# I.D. This Piranha



## B. Rodgers (Jan 20, 2005)

The best pic we have so far...

Notice the stripes on the top of the body and the red throat.


----------



## AKSkirmish (Jun 24, 2005)

Rodgers Aquatics said:


> The best pic we have so far...
> 
> Notice the stripes on the top of the body and the red throat.


I cant tell n e thing sir!!!!


----------



## B. Rodgers (Jan 20, 2005)

He's got the body shape of an Altuvei, but he's got a red throat and tiger like stripes on the top of his back. In any case, he's amazing looking and I can't wait to see some better photos


----------



## CROSSHAIR223 (Jan 17, 2005)

I think it's a SUPER UBER RARE TIGER PIRANHA, Easily worth 500 bucks an inch :rasp:


----------



## AKSkirmish (Jun 24, 2005)

Rodgers Aquatics said:


> He's got the body shape of an Altuvei, but he's got a red throat and tiger like stripes on the top of his back. In any case, he's amazing looking and I can't wait to see some better photos


Sounds badass sir-Cant wait to see some more pics myself!!!


----------



## B. Rodgers (Jan 20, 2005)

Alright...here he is...


----------



## AKSkirmish (Jun 24, 2005)

Rodgers Aquatics said:


> Alright...here he is...


SSSSSWWWWWEEEETTTTT







Thanks for the pics Brandon


----------



## B. Rodgers (Jan 20, 2005)

We think possibly Pristobrycon Gouldingi


----------



## AKSkirmish (Jun 24, 2005)

Rodgers Aquatics said:


> We think possibly Pristobrycon Gouldingi


I have not a clue sir!!!







Keep us all informed!!!(I'm sure you will n e how)


----------



## Trigga (Jul 1, 2006)

the first pic and your discription make him sound like a manny but the second pic f*cked up my theory


----------



## B. Rodgers (Jan 20, 2005)

Well, the gouldingi is similar to the manueli with the tiger stripes, but the manny is not found in Peru.


----------



## Trigga (Jul 1, 2006)

there is an article done by that frank guy an your thoughts were right it is a Pristobrycon Gouldingi.


----------



## taylorhedrich (Mar 2, 2005)

Wow Brandon, that should be an awesome fish for someone who is looking for something unique! What a beauty!

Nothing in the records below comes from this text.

(* trace norm ||A||_1 = Tr sqrt(A^dagger A) = sum of singular values *)
definition trace_norm :: "complex mat \<Rightarrow> real" where
  "trace_norm A = (\<Sum>m\<in>#eigvals (mat_adjoint A * A). sqrt (Re m))"

definition trace_dist :: "complex mat \<Rightarrow> complex mat \<Rightarrow> real" where
  "trace_dist \<rho> \<sigma> = trace_norm (\<rho> - \<sigma>) / 2"

definition max_mixed :: "nat \<Rightarrow> complex mat" where
  "max_mixed M = (1 / of_nat M) \<cdot>\<^sub>m 1\<^sub>m M"

definition qscm :: "complex mat \<Rightarrow> real" where
  "qscm \<rho> = (let M = dim_row \<rho> in
      (1 / log 2 (real M)) * vn_entropy \<rho> * trace_dist \<rho> (max_mixed M))"

definition kron :: "complex mat \<Rightarrow> complex mat \<Rightarrow> complex mat" where
  "kron A B = mat (dim_row A * dim_row B) (dim_col A * dim_col B)
     (\<lambda>(i, j). A $$ (i div dim_row B, j div dim_col B) * B $$ (i mod dim_row B, j mod dim_col B))"

definition ket_bra :: "complex vec \<Rightarrow> complex mat" where
  "ket_bra \<psi> = mat (dim_vec \<psi>) (dim_vec \<psi>) (\<lambda>(i, j). \<psi> $ i * cnj (\<psi> $ j))"

definition is_unit_vec :: "complex vec \<Rightarrow> bool" where
  "is_unit_vec \<psi> \<longleftrightarrow> (\<Sum>i<dim_vec \<psi>. (cmod (\<psi> $ i))^2) = 1"

end

theory Submission
  imports Defs
begin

I'm really curious to see what he turns out to be. Either a Pygopristis, or a Pristobrycon.
~Taylor~


----------



## DiPpY eGgS (Mar 6, 2005)

wow, great fish!


----------



## *Knowledge* (Mar 8, 2006)

Nice indeed. Is this the only one you have? Hmm... imagine a shoal.


----------



## B. Rodgers (Jan 20, 2005)

I don't have any of them at the moment. I'll be bringing in as many as he's got in about 3-4 weeks. He wasn't sure what it was, so he sent me the pic to ID it for him, he thought it was Peru's version of the S. Brandti. I knew it wasn't that, and I'm thinking it's probably gouldingi. In any case...he's only got 2 at the moment around 5-6" and he's looking for about a 1/2 dozen more for me!


----------



## SpeCiaLisT (Aug 12, 2005)

I saw that fish from somewhere, but I can't remember.


----------



## Mr. Hannibal (Feb 21, 2003)

Rodgers Aquatics said:


> Alright...here he is...


----------



## GoJamieGo (Mar 18, 2005)

Looks like a maculipinnis to me


----------



## Dezboy (Apr 2, 2006)

that is the best looking P i have ever seen, looks so sweet cant wait for the ID to be astablished on it...............


----------



## GoJamieGo (Mar 18, 2005)

Hmmmm..... It looks kinda like a sunfish/pumpkin seed to me. I've seen P's a lot more impressive looking, IMO.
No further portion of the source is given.